In an effort to enhance model accuracy, we explored the concat model and pipe model, which integrate SMILES notation alongside the physicochemical properties of compounds. However, the encoder model, relying solely on SMILES notation, emerged as the most effective. This can be attributed to the fact that pharmaceutical development typically focuses on compounds adhering to specific physicochemical criteria, such as Lipinski’s rule of five and the Ghose filter. The limited variance in physicochemical properties within the training dataset presumably had minimal impact on the model performance.
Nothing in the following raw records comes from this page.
text \<open>Equations of the system whose label is below a bound \<open>m\<close> survive the whole elimination:
  whenever such a row is touched, the pivot row has an even smaller label.\<close>

lemma finloop_rows:
  assumes fin: "finite X"
    and rows: "\<And>j. j \<in> X \<Longrightarrow> L (Some j) < m \<Longrightarrow> (\<Sum>l\<in>X. A j l * f l) = c j"
    and j: "j \<in> X" "L (Some j) < m"
  shows "(\<Sum>l\<in>X. fst (finloop L (card X) X (A, c)) j l * f l) = snd (finloop L (card X) X (A, c)) j"
proof -
  define Inv where "Inv M T \<longleftrightarrow> M \<subseteq> X \<and>
      (\<forall>j\<in>X. L (Some j) < m \<longrightarrow> (\<Sum>l\<in>X. fst T j l * f l) = snd T j)" for M T
  have "Inv {} (finloop L (card X) X (A, c))"
  proof (rule finloop_induct[OF fin])
    show "Inv X (A, c)" unfolding Inv_def using rows by auto
    fix M and T :: "('a \<Rightarrow> 'a \<Rightarrow> real) \<times> ('a \<Rightarrow> real)"
    assume ne: "M \<noteq> {}" and inv: "Inv M T"
    define i where "i = first_label L M"
    have "(\<Sum>l\<in>X. fst (pivot M i T) j l * f l) = snd (pivot M i T) j"
      if "j \<in> X" "L (Some j) < m" for j
    proof -
      have "L (Some i) < m" if "j \<in> M"
        using first_label_min[OF that, where L=L] \<open>L (Some j) < m\<close> unfolding i_def by simp
      moreover have "i \<in> X" using first_label_mem[OF ne] inv unfolding Inv_def i_def by blast
      ultimately show ?thesis
        using inv that pivot_row_eq[where A="fst T" and c="snd T"] unfolding Inv_def by simp
    qed
    then show "Inv (M - {first_label L M}) (pivot M (first_label L M) T)"
      using inv unfolding Inv_def i_def by auto
  qed
  then show ?thesis using j unfolding Inv_def by blast
qed

locale label_elimination =
  fixes X :: "'a set" and L :: "'a option \<Rightarrow> nat"
  assumes finX: "finite X"
    and L_inj: "\<And>x y. x \<in> X \<Longrightarrow> y \<in> X \<Longrightarrow> L (Some x) = L (Some y) \<Longrightarrow> x = y"
begin

lemma first_label_less:
  assumes "M \<subseteq> X" "j \<in> M - {first_label L M}"
  shows "L (Some (first_label L M)) < L (Some j)"
proof -
  have ne: "M \<noteq> {}" and j: "j \<in> M" "j \<noteq> first_label L M" using assms(2) by auto
  have "L (Some (first_label L M)) \<noteq> L (Some j)"
    using L_inj[of "first_label L M" j] first_label_mem[OF ne] j assms(1) by auto
  then show ?thesis using first_label_min[OF j(1), where L=L] by simp
qed

definition label_tail :: "'a set \<Rightarrow> bool" where
  "label_tail M \<longleftrightarrow> M \<subseteq> X \<and> (\<forall>l\<in>X - M. \<forall>j\<in>M. L (Some l) < L (Some j))"

lemma label_tail_step:
  assumes "label_tail M" "M \<noteq> {}"
  shows "label_tail (M - {first_label L M})"
proof -
  have MX: "M \<subseteq> X" and ord: "\<And>l j. l \<in> X - M \<Longrightarrow> j \<in> M \<Longrightarrow> L (Some l) < L (Some j)"
    using assms(1) unfolding label_tail_def by auto
  have "L (Some l) < L (Some j)" if "l \<in> X - (M - {first_label L M})" "j \<in> M - {first_label L M}" for l j
  proof (cases "l = first_label L M")
    case True then show ?thesis using first_label_less[OF MX that(2)] by simp
  next
    case False then show ?thesis using ord[of l j] that by simp
  qed
  then show ?thesis using MX unfolding label_tail_def by blast
qed

text \<open>Row dominance with respect to a positive weight \<open>w\<close>: \<open>A w = c > 0\<close>, and the active rows
  have nonpositive off-diagonal entries.  It keeps every pivot positive.\<close>

definition dominant :: "('a \<Rightarrow> real) \<Rightarrow> 'a set \<Rightarrow> ('a \<Rightarrow> 'a \<Rightarrow> real) \<times> ('a \<Rightarrow> real) \<Rightarrow> bool" where
  "dominant w M T \<longleftrightarrow>
     (\<forall>j\<in>X. (\<Sum>l\<in>X. fst T j l * w l) = snd T j \<and> snd T j > 0) \<and>
     (\<forall>j\<in>M. \<forall>l\<in>X. l \<noteq> j \<longrightarrow> fst T j l \<le> 0)"

lemma dominant_pivot_pos:
  assumes wpos: "\<forall>l\<in>X. 0 < w l" and dom: "dominant w M (A, c)" and i: "i \<in> M" "i \<in> X"
  shows "A i i > 0"
proof -
  have "A i l * w l \<le> 0" if "l \<in> X - {i}" for l
    using dom i wpos that unfolding dominant_def by (intro mult_nonpos_nonneg) auto
  then have "(\<Sum>l\<in>X - {i}. A i l * w l) \<le> 0" by (rule sum_nonpos)
  moreover have "(\<Sum>l\<in>X. A i l * w l) = A i i * w i + (\<Sum>l\<in>X - {i}. A i l * w l)"
    using i finX by (simp add: sum.remove)
  moreover have "(\<Sum>l\<in>X. A i l * w l) > 0" using dom i unfolding dominant_def by simp
  ultimately have "A i i * w i > 0" by linarith
  moreover have "w i > 0" using wpos i by blast
  ultimately show ?thesis by (simp add: zero_less_mult_iff)
qed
When assessed using the external dataset, the DNN model’s performance surpassed its counterparts (the concat and encoder models). The external dataset comprised toxic compounds, which often deviate from conventional guidelines like Lipinski’s rule of five. This deviation suggests that the range of physicochemical properties in the training dataset is considerably narrower than that in the external dataset. This finding underscores the significance of employing diverse and unbiased datasets to bolster the model’s generalization capability.

4. Materials and Methods

4.1. Data Collection and Preprocessing

Three datasets were collected to evaluate the learning under different conditions. To derive quantitative benchmark results in comparison to other machine learning techniques, the dataset from MoleculeNet was used [18]. The data from DrugBank [38] was used to assess the model’s schematic position during drug development steps. Among the labels used in learning in the DrugBank dataset, we created an external dataset (unseen in the learning process) to evaluate the model trained on the DrugBank data.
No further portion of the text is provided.